# Forgiveness email



## FrustratedFL (May 18, 2011)

My H and I have been separated since May when I found out he was having a second affair. My anger and hurt have been overwhelming. I was not sleeping, I have cried, yelled and have not been able to concentrate for months. Over the last week I have noticed I am starting to feel calm again. Less angry, more attentive to my daughter. H has been remorseful but still with his tramp.

After a lot of soul searching, I realize that our marriage is doomed and it is time to move on. I sent him an email yesterday saying that I forgive him and the hurt and pain he has caused. I need to do this so I can move on. Not for his benefit. I need to let go of the hurt and unfulfilled dreams and the hope of reconciliation. I need this for me more than him. 

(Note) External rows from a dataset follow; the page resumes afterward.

(* Let $s,r \ge 2$ and $q \ge 1$ be integers. If $R(s,q) \geq r$, then $Q(s,r) \leq q$.
   Context: The product dimension of a finite graph $G$ is the minimum possible number $d$ of proper vertex colorings of $G$ such that for every pair $u,v$ of distinct non-adjacent vertices there is at least one of the colorings in which $u$ and $v$ receive the same color. $K_s(r)$ denotes the graph consisting of $r$ pairwise vertex-disjoint copies of the complete graph $K_s$, and $Q(s,r)$ is the product dimension of $K_s(r)$. Let $Z_s$ be the ring of integers modulo $s$. For $A \subseteq Z_s$, a vector $v=(v_1,\dots,v_q)\in Z_s^q$ is $A$-covering if for every $a \in A$ there is $1 \le i \le q$ with $v_i = a$. A family $\mathcal{F} \subseteq Z_s^q$ is $A$-covering if for every ordered pair of distinct vectors $u,v \in \mathcal{F}$ the difference $u-v$ is $A$-covering; it is covering if it is $Z_s$-covering. $R(s,q)$ denotes the maximum possible cardinality of a covering family in $Z_s^q$. *)

theory Defs
  imports Main
begin

definition proper_coloring :: "'v set \<Rightarrow> ('v \<Rightarrow> 'v \<Rightarrow> bool) \<Rightarrow> ('v \<Rightarrow> nat) \<Rightarrow> bool" where
  "proper_coloring V E c \<longleftrightarrow> (\<forall>u\<in>V. \<forall>v\<in>V. E u v \<longrightarrow> c u \<noteq> c v)"

definition product_dim :: "'v set \<Rightarrow> ('v \<Rightarrow> 'v \<Rightarrow> bool) \<Rightarrow> nat" where
  "product_dim V E = (LEAST d. \<exists>cs :: nat \<Rightarrow> 'v \<Rightarrow> nat.
      (\<forall>i<d. proper_coloring V E (cs i)) \<and>
      (\<forall>u\<in>V. \<forall>v\<in>V. u \<noteq> v \<and> \<not> E u v \<longrightarrow> (\<exists>i<d. cs i u = cs i v)))"

text \<open>K_s(r): r disjoint copies of K_s; vertex (k, j) is vertex j of copy k.\<close>

definition Ks_vertices :: "nat \<Rightarrow> nat \<Rightarrow> (nat \<times> nat) set" where
  "Ks_vertices s r = {0..<r} \<times> {0..<s}"

definition Ks_edge :: "nat \<times> nat \<Rightarrow> nat \<times> nat \<Rightarrow> bool" where
  "Ks_edge x y \<longleftrightarrow> fst x = fst y \<and> snd x \<noteq> snd y"

definition Q :: "nat \<Rightarrow> nat \<Rightarrow> nat" where
  "Q s r = product_dim (Ks_vertices s r) Ks_edge"

text \<open>Vectors of Z_s^q are represented as lists of length q with entries in {0..<s}.\<close>

definition Zvecs :: "nat \<Rightarrow> nat \<Rightarrow> nat list set" where
  "Zvecs s q = {v. length v = q \<and> (\<forall>x\<in>set v. x < s)}"

definition diff_covering :: "nat \<Rightarrow> nat list \<Rightarrow> nat list \<Rightarrow> bool" where
  "diff_covering s u v \<longleftrightarrow>
     (\<forall>a<s. \<exists>i<length u. (int (u ! i) - int (v ! i)) mod int s = int a)"

definition covering_family :: "nat \<Rightarrow> nat \<Rightarrow> nat list set \<Rightarrow> bool" where
  "covering_family s q F \<longleftrightarrow> F \<subseteq> Zvecs s q \<and>
     (\<forall>u\<in>F. \<forall>v\<in>F. u \<noteq> v \<longrightarrow> diff_covering s u v)"

definition R :: "nat \<Rightarrow> nat \<Rightarrow> nat" where
  "R s q = Max {card F | F. covering_family s q F}"

end

theory Submission
  imports Defs
begin

text \<open>Take r vectors h 0, ..., h (r-1) of a covering family in Z_s^q and colour vertex j of
  the k-th copy of K_s, in the i-th colouring, by (h k)_i + j mod s. Within a copy the colours
  are distinct shifts of one residue, so each colouring is proper. Vertices (k, j) and (k', j')
  of different copies share a colour in the i-th colouring exactly when
  (h k)_i - (h k')_i = j' - j mod s, and such an i exists because h k - h k' is covering.\<close>

lemma finite_Zvecs: "finite (Zvecs s q)"
proof -
  have "Zvecs s q = {xs. set xs \<subseteq> {0..<s} \<and> length xs = q}"
    unfolding Zvecs_def by auto
  then show ?thesis
    using finite_lists_length_eq[of "{0..<s}" q] by simp
qed

lemma covering_family_finite: "covering_family s q F \<Longrightarrow> finite F"
  using finite_Zvecs finite_subset unfolding covering_family_def by blast

lemma covering_family_subset:
  "covering_family s q F \<Longrightarrow> G \<subseteq> F \<Longrightarrow> covering_family s q G"
  unfolding covering_family_def by blast

lemma R_attained: "\<exists>F. covering_family s q F \<and> card F = R s q"
proof -
  let ?S = "{card F | F. covering_family s q F}"
  have "?S \<subseteq> {0..card (Zvecs s q)}"
    using finite_Zvecs by (auto simp: covering_family_def card_mono)
  then have "finite ?S"
    by (rule finite_subset) simp
  moreover have "covering_family s q {}"
    by (simp add: covering_family_def)
  then have "?S \<noteq> {}"
    by blast
  ultimately have "R s q \<in> ?S"
    unfolding R_def by (rule Max_in)
  then show ?thesis
    by auto
qed

lemma covering_family_of_card:
  assumes "r \<le> R s q"
  obtains F where "covering_family s q F" "card F = r"
proof -
  obtain F where F: "covering_family s q F" "card F = R s q"
    using R_attained by blast
  then obtain G where "G \<subseteq> F" "card G = r"
    using assms obtain_subset_with_card_n by metis
  then show thesis
    using that F covering_family_subset by blast
qed

lemma product_dim_le:
  assumes "\<forall>i<d. proper_coloring V E (cs i)"
    and "\<forall>u\<in>V. \<forall>v\<in>V. u \<noteq> v \<and> \<not> E u v \<longrightarrow> (\<exists>i<d. cs i u = cs i v)"
  shows "product_dim V E \<le> d"
  unfolding product_dim_def by (rule Least_le) (use assms in blast)

lemma mod_add_eq_mod_add_iff:
  fixes a b j j' s :: nat
  shows "(a + j) mod s = (b + j') mod s \<longleftrightarrow> (int a - int b) mod int s = (int j' - int j) mod int s"
proof -
  have "(a + j) mod s = (b + j') mod s \<longleftrightarrow> (int a + int j) mod int s = (int b + int j') mod int s"
    by (metis of_nat_add of_nat_eq_iff zmod_int)
  also have "\<dots> \<longleftrightarrow> int s dvd (int a - int b) - (int j' - int j)"
    by (simp add: mod_eq_dvd_iff algebra_simps)
  also have "\<dots> \<longleftrightarrow> (int a - int b) mod int s = (int j' - int j) mod int s"
    by (simp add: mod_eq_dvd_iff)
  finally show ?thesis .
qed

definition shift_coloring :: "nat \<Rightarrow> (nat \<Rightarrow> nat list) \<Rightarrow> nat \<Rightarrow> nat \<times> nat \<Rightarrow> nat" where
  "shift_coloring s h i x = (h (fst x) ! i + snd x) mod s"

lemma shift_coloring_proper: "proper_coloring (Ks_vertices s r) Ks_edge (shift_coloring s h i)"
  unfolding proper_coloring_def
proof (intro ballI impI)
  fix u v
  assume "u \<in> Ks_vertices s r" "v \<in> Ks_vertices s r" "Ks_edge u v"
  then obtain k j j' where uv: "u = (k, j)" "v = (k, j')" and j: "j < s" "j' < s" "j \<noteq> j'"
    by (cases u, cases v) (auto simp: Ks_vertices_def Ks_edge_def)
  have "0 < \<bar>int j' - int j\<bar>" "\<bar>int j' - int j\<bar> < int s"
    using j by auto
  then have "\<not> int s dvd \<bar>int j' - int j\<bar>"
    by (rule zdvd_not_zless)
  then show "shift_coloring s h i u \<noteq> shift_coloring s h i v"
    unfolding uv shift_coloring_def mod_add_eq_mod_add_iff
    by (simp add: mod_eq_0_iff_dvd)
qed

lemma shift_coloring_covers:
  assumes F: "covering_family s q F" and h: "inj_on h {0..<r}" "h ` {0..<r} \<subseteq> F"
    and uv: "u \<in> Ks_vertices s r" "v \<in> Ks_vertices s r" "u \<noteq> v" "\<not> Ks_edge u v"
  shows "\<exists>i<q. shift_coloring s h i u = shift_coloring s h i v"
proof -
  obtain k j k' j' where kj: "u = (k, j)" "v = (k', j')" "k < r" "k' < r" "k \<noteq> k'"
    using uv by (cases u, cases v) (auto simp: Ks_vertices_def Ks_edge_def)
  then have "h k \<in> F" "h k' \<in> F" "h k \<noteq> h k'"
    using h by (auto simp: inj_on_def)
  then have cov: "diff_covering s (h k) (h k')" and len: "length (h k) = q"
    using F by (auto simp: covering_family_def Zvecs_def)
  have "s > 0"
    using uv(1) kj(1) by (auto simp: Ks_vertices_def)
  define a where "a = nat ((int j' - int j) mod int s)"
  have a: "int a = (int j' - int j) mod int s" "a < s"
    unfolding a_def using \<open>s > 0\<close> by (simp_all add: nat_less_iff)
  then obtain i where "i < q" "(int (h k ! i) - int (h k' ! i)) mod int s = int a"
    using cov len unfolding diff_covering_def by blast
  then show ?thesis
    using a kj by (auto simp: shift_coloring_def mod_add_eq_mod_add_iff)
qed

theorem proposition1p2:
  fixes s r q :: nat
  assumes "s \<ge> 2" and "r \<ge> 2" and "q \<ge> 1"
    and "R s q \<ge> r"
  shows "Q s r \<le> q"
proof -
  obtain F where F: "covering_family s q F" "card F = r"
    using covering_family_of_card assms(4) by blast
  then obtain h where h: "bij_betw h {0..<r} F"
    using ex_bij_betw_nat_finite covering_family_finite by metis
  show ?thesis
    unfolding Q_def
  proof (rule product_dim_le)
    show "\<forall>i<q. proper_coloring (Ks_vertices s r) Ks_edge (shift_coloring s h i)"
      by (simp add: shift_coloring_proper)
    show "\<forall>u\<in>Ks_vertices s r. \<forall>v\<in>Ks_vertices s r. u \<noteq> v \<and> \<not> Ks_edge u v
        \<longrightarrow> (\<exists>i<q. shift_coloring s h i u = shift_coloring s h i v)"
      using shift_coloring_covers[OF F(1)] h unfolding bij_betw_def by blast
  qed
qed

end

For people that have forgiven and moved on, is this the approach you took? Does it get easier to accept and stand proud with your decision once you have forgiven without second guessing yourself?


----------



## morituri (Apr 1, 2011)

FrustratedFL said:


> I sent him an email yesterday saying that I forgive him and the hurt and pain he has caused. I need to do this so I can move on. Not for his benefit. I need to let go of the hurt and unfulfilled dreams and the hope of reconciliation. I need this for me more than him.
> 
> For people that have forgiven and moved on, is this the approach you took? Does it get easier to accept and stand proud with your decision once you have forgiven without second guessing yourself?


Yes it was indeed the approach I took.

Does it get easier? Yes but in the beginning my emotions were screaming like a 3 year old throwing a temper tantrum. But every day that I woke up, I made the conscious choice to forgive my ex-wife for my benefit and not hers.

Your personal recovery is a day by day process that cannot and should not be rushed.


----------



## smartyblue (Jun 22, 2011)

It gets easier and you will love again. Here are some good blogs to read -- many people are in the midst of a split. That's why this website exists!
Divorcing Mr. Wrong | Infidelity, Divorce, Relationships & Love
athenavox

Check their blogrolls. They link to more blogs by the broken hearted. I'm sorry for him being a jerk. You are not alone!


----------



## ing (Mar 26, 2011)

Found this on a site. Resonated with me. Forgiveness is essential for peace.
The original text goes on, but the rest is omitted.